Slack is a workplace-chat tool that makes it easier for employees to communicate with each other. You can use it to send messages/files or have video calls. (Email wasn’t bad enough at killing our ability to stay in deep-focus so now we have Slack)

Many of the tasks in the Slack app are handled asynchronously. Things like

  • Sending push notifications

  • Scheduling calendar reminders

  • Billing customers

And more.

When the app needs to execute one of these tasks, they’re added to a job queue that Slack built. Backend workers will then dequeue the job off the queue and complete it.

This job queue needs to be highly scalable. Slack processes billions of jobs per day with a peak rate of 33,000 jobs per second.

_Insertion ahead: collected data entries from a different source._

lemma rooted_tree_trancl_vertices:
  assumes rt: "rooted_tree nV E" and uv: "(u, v) \<in> E\<^sup>+"
  shows "u \<in> {1..nV}" "v \<in> {1..nV}"
proof -
  have E: "E \<subseteq> {1..nV} \<times> {1..nV}" using rt unfolding rooted_tree_def by blast
  obtain x where "(u, x) \<in> E" using tranclD[OF uv] by blast
  then show "u \<in> {1..nV}" using E by blast
  obtain y where "(y, v) \<in> E" using tranclD2[OF uv] by blast
  then show "v \<in> {1..nV}" using E by blast
qed

lemma rooted_tree_acyclic:
  assumes rt: "rooted_tree nV E" shows "(v, v) \<notin> E\<^sup>+"
proof
  assume vv: "(v, v) \<in> E\<^sup>+"
  have "(1, v) \<in> E\<^sup>*"
    using rt rooted_tree_trancl_vertices[OF rt vv] unfolding rooted_tree_def by blast
  then show False using vv
  proof (induction rule: rtrancl_induct)
    case base
    then obtain x where "(x, 1) \<in> E" by (metis tranclD2)
    then show False using rt unfolding rooted_tree_def by blast
  next
    case (step y z)
    obtain x where xz: "(x, z) \<in> E" and zx: "(z, x) \<in> E\<^sup>*"
      using tranclD2[OF step.prems] by blast
    have "x = y" using rooted_tree_parent_unique[OF rt xz step.hyps(2)] .
    then have "(y, y) \<in> E\<^sup>+" using step.hyps(2) zx by (meson rtrancl_into_trancl2)
    then show False using step.IH by blast
  qed
qed

lemma rooted_tree_common_descendant:
  assumes rt: "rooted_tree nV E" and av: "(a, v) \<in> E\<^sup>+" and bv: "(b, v) \<in> E\<^sup>+"
  shows "a = b \<or> (a, b) \<in> E\<^sup>+ \<or> (b, a) \<in> E\<^sup>+"
  using av bv
proof (induction arbitrary: b rule: trancl_induct)
  case (base y)
  obtain c where cy: "(c, y) \<in> E" and bc: "(b, c) \<in> E\<^sup>*" using tranclD2[OF base.prems] by blast
  have "c = a" using rooted_tree_parent_unique[OF rt cy base.hyps] .
  then show ?case using bc by (metis rtranclD)
next
  case (step y z)
  obtain c where cz: "(c, z) \<in> E" and bc: "(b, c) \<in> E\<^sup>*" using tranclD2[OF step.prems] by blast
  have "c = y" using rooted_tree_parent_unique[OF rt cz step.hyps(2)] .
  show ?case
  proof (cases "b = y")
    case True then show ?thesis using step.hyps(1) by blast
  next
    case False
    then have "(b, y) \<in> E\<^sup>+" using bc \<open>c = y\<close> by (metis rtranclD)
    then show ?thesis using step.IH by blast
  qed
qed
lemma nn_integral_pmf_add_affine:
  assumes "\<And>z. z \<in> set_pmf M \<Longrightarrow> 0 \<le> f z" "\<And>z. z \<in> set_pmf M \<Longrightarrow> 0 \<le> g z" "0 \<le> a" "0 \<le> b"
  shows "(\<integral>\<^sup>+z. ennreal (f z + (a * g z + b)) \<partial>measure_pmf M)
       = (\<integral>\<^sup>+z. ennreal (f z) \<partial>measure_pmf M) + (ennreal a * (\<integral>\<^sup>+z. ennreal (g z) \<partial>measure_pmf M) + ennreal b)"
proof -
  have "(\<integral>\<^sup>+z. ennreal (a * g z + b) \<partial>measure_pmf M)
      = (\<integral>\<^sup>+z. ennreal (a * g z) \<partial>measure_pmf M) + (\<integral>\<^sup>+z. ennreal b \<partial>measure_pmf M)"
    using assms(2-4) by (intro nn_integral_pmf_add) auto
  moreover have "(\<integral>\<^sup>+z. ennreal (f z + (a * g z + b)) \<partial>measure_pmf M)
      = (\<integral>\<^sup>+z. ennreal (f z) \<partial>measure_pmf M) + (\<integral>\<^sup>+z. ennreal (a * g z + b) \<partial>measure_pmf M)"
    using assms by (intro nn_integral_pmf_add) auto
  ultimately show ?thesis
    using assms(3) by (simp add: nn_integral_pmf_cmult)
qed

lemma ennreal_sum_of_products:
  fixes a b c d e :: real
  assumes "0 \<le> a" "0 \<le> b" "0 \<le> c" "0 \<le> d" "0 \<le> e"
  shows "(ennreal a * ennreal b + ennreal c * ennreal d) * ennreal e = ennreal ((a * b + c * d) * e)"
  using assms by (simp add: ennreal_mult ennreal_plus mult_nonneg_nonneg add_nonneg_nonneg)

lemma nn_integral_pmf_mono:
  assumes "\<And>z. z \<in> set_pmf M \<Longrightarrow> f z \<le> g z"
  shows "(\<integral>\<^sup>+z. ennreal (f z) \<partial>measure_pmf M) \<le> (\<integral>\<^sup>+z. ennreal (g z) \<partial>measure_pmf M)"
  using assms by (intro nn_integral_mono_AE) (auto simp: AE_measure_pmf_iff ennreal_leI)
lemma min_dist_attained_by_centr:
  assumes "C \<noteq> {0}" and "\<Lambda>\<^sub>1 \<in> D" and "\<Lambda>\<^sub>1 0 = 1"
  shows "\<exists>E \<in> centr p r (n * m) Q - stab_scal p r (n * m) Q. pweight (n * m) E = min_dist n C"
proof -
  obtain c where "c \<in> C" and "c \<noteq> 0"
    using assms(1) zero_in_C by blast
  then obtain c\<^sub>0 where "c\<^sub>0 \<in> C" and "c\<^sub>0 \<noteq> 0" and "weight n c\<^sub>0 = min_dist n C"
    using min_dist_attained[OF diff_in_C] by blast
  moreover have "pweight (n * m) (0, c\<^sub>0, 0) = weight n c\<^sub>0"
    using \<open>c\<^sub>0 \<in> C\<close> C_vecs m_pos by (simp add: pweight_X weight_vecs subset_iff)
  ultimately show ?thesis
    using X_in_centr X_notin_stab_scal[OF assms(2,3)] by (intro bexI[of _ "(0, c\<^sub>0, 0)"]) auto
qed

end

theorem corollary3p4:
  fixes p r n k m s :: nat
    and C :: "(nat \<Rightarrow> 'a::{field,finite}) set"
    and D :: "(nat \<Rightarrow> 'b::{field,finite}) set"
    and \<kappa> :: "'b \<Rightarrow> (nat \<Rightarrow> 'a) \<Rightarrow> 'a"
  assumes "prime p"
    and "CARD('a) = p ^ r"
    and "CARD('b) = CARD('a) ^ k"
    and "1 \<le> k" and "k < n"
    and "1 \<le> s" and "s < m"
    and "linear_code n k C"
    and "linear_code m s D"
    and "\<forall>i<m. \<exists>\<Lambda>\<in>D. \<Lambda> i = 1"
    and "bij_betw \<kappa> UNIV (lin_fun p C)"
    and "\<forall>l u. \<kappa> (l + u) = (\<lambda>c. \<kappa> l c + \<kappa> u c)"
    and "\<forall>j<p. \<forall>l. \<kappa> (of_nat j * l) = (\<lambda>c. of_nat j * \<kappa> l c)"
    and "min_dist n C \<le> min_dist m D"
  shows "stab_min_dist p r (n * m) (Qcode p n k m C D \<kappa>) = min_dist n C"
proof -
  interpret code_construction p r n k m C D \<kappa>
    using assms by unfold_locales (auto simp: linear_code_def)
  have "C \<noteq> {0}"
    using assms(8,4) by (rule linear_code_nonzero)
  obtain \<Lambda>\<^sub>1 where "\<Lambda>\<^sub>1 \<in> D" and "\<Lambda>\<^sub>1 0 = 1"
    using assms(7,10) by auto
  let ?W = "pweight (n * m) ` (centr p r (n * m) Q - stab_scal p r (n * m) Q)"
  have "finite ?W"
    by (rule finite_subset[of _ "{..n * m}"]) (auto simp: pweight_le)
  moreover have "min_dist n C \<in> ?W"
    using min_dist_attained_by_centr[OF \<open>C \<noteq> {0}\<close> \<open>\<Lambda>\<^sub>1 \<in> D\<close> \<open>\<Lambda>\<^sub>1 0 = 1\<close>] by force
  moreover have "min_dist n C \<le> w" if "w \<in> ?W" for w
    using that min_dist_le_pweight[OF assms(14)] by blast
  ultimately show ?thesis
    unfolding stab_min_dist_def by (intro Min_eqI)
qed

end
lemma card_cyc_avoiders_from_min:
  assumes "a < b"
  shows "card (cyc_avoiders_from {a..b} a) = (\<Sum>y = Suc a..b. card (avoiding_tails a b y))"
proof -
  let ?T = "{B \<in> permutations_of_set {Suc a..b}. cyc_avoids_v1342 (a # B)}"
  have "card (cyc_avoiders_from {a..b} a) = card ?T"
    using assms by (simp add: cyc_avoiders_from_min_eq card_image)
  also have "\<dots> = (\<Sum>y = Suc a..b. card {B \<in> ?T. hd B = y})"
  proof -
    have "hd B \<in> {Suc a..b}" if "B \<in> permutations_of_set {Suc a..b}" for B
    proof -
      have "set B = {Suc a..b}"
        using that by (simp add: permutations_of_set_def)
      moreover from this have "B \<noteq> []"
        using assms by auto
      ultimately show ?thesis
        by (metis hd_in_set)
    qed
    then have "hd ` ?T \<subseteq> {Suc a..b}"
      by blast
    then show ?thesis
      using sum.group[of ?T "{Suc a..b}" hd "\<lambda>_. 1::nat"] by simp
  qed
  also have "\<dots> = (\<Sum>y = Suc a..b. card (avoiding_tails a b y))"
    unfolding avoiding_tails_def by (intro sum.cong) (auto intro: arg_cong[where f = card])
  finally show ?thesis .
qed

lemma avoiding_tails_Suc:
  assumes "a < b"
  shows "avoiding_tails a b (Suc a) = cyc_avoiders_from {Suc a..b} (Suc a)"
proof -
  have "cyc_avoids_v1342 (a # B) \<longleftrightarrow> cyc_avoids_v1342 B"
    if "B \<in> permutations_of_set {Suc a..b}" "hd B = Suc a" for B
  proof -
    have "\<forall>x\<in>set B. a < x" "B \<noteq> []"
      using that assms by (auto simp: permutations_of_set_def)
    moreover have "\<not> completes_v1342 a (Suc a) (tl B)"
      using completes_v1342_between by fastforce
    ultimately show ?thesis
      using cyc_avoids_v1342_Cons_min \<open>hd B = Suc a\<close> by metis
  qed
  then show ?thesis
    unfolding avoiding_tails_def cyc_avoiders_from_def by blast
qed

Previously, Slack relied on Redis for the task queue but they faced scaling pains and needed to re-architect. The team integrated Apache Kafka and used that to reduce the strain on Redis, increase durability and more.

Saroj Yadav was previously a Staff Engineer at Slack and she wrote a fantastic blog post delving into the old architecture they had for the job queue, scaling issues they faced and how they redesigned the system.

Note - this post was last updated in 2020, so aspects of it are out of date. However, it provides a really good overview of how to build a job queue and also talks about scaling issues you might face in other contexts.

Summary

Here’s the previous architecture that Slack used.

At the top (www1, www2, www3), you have the different web apps that Slack has. Users will access Slack through these web/mobile apps and these apps will send backend requests to create jobs.

The backend previously stored these jobs with a Redis task queue.

Redis is an open-source key-value database that can easily be distributed horizontally across millions of nodes. It’s in-memory (to minimize latency) and provides a large number of pre-built data structures.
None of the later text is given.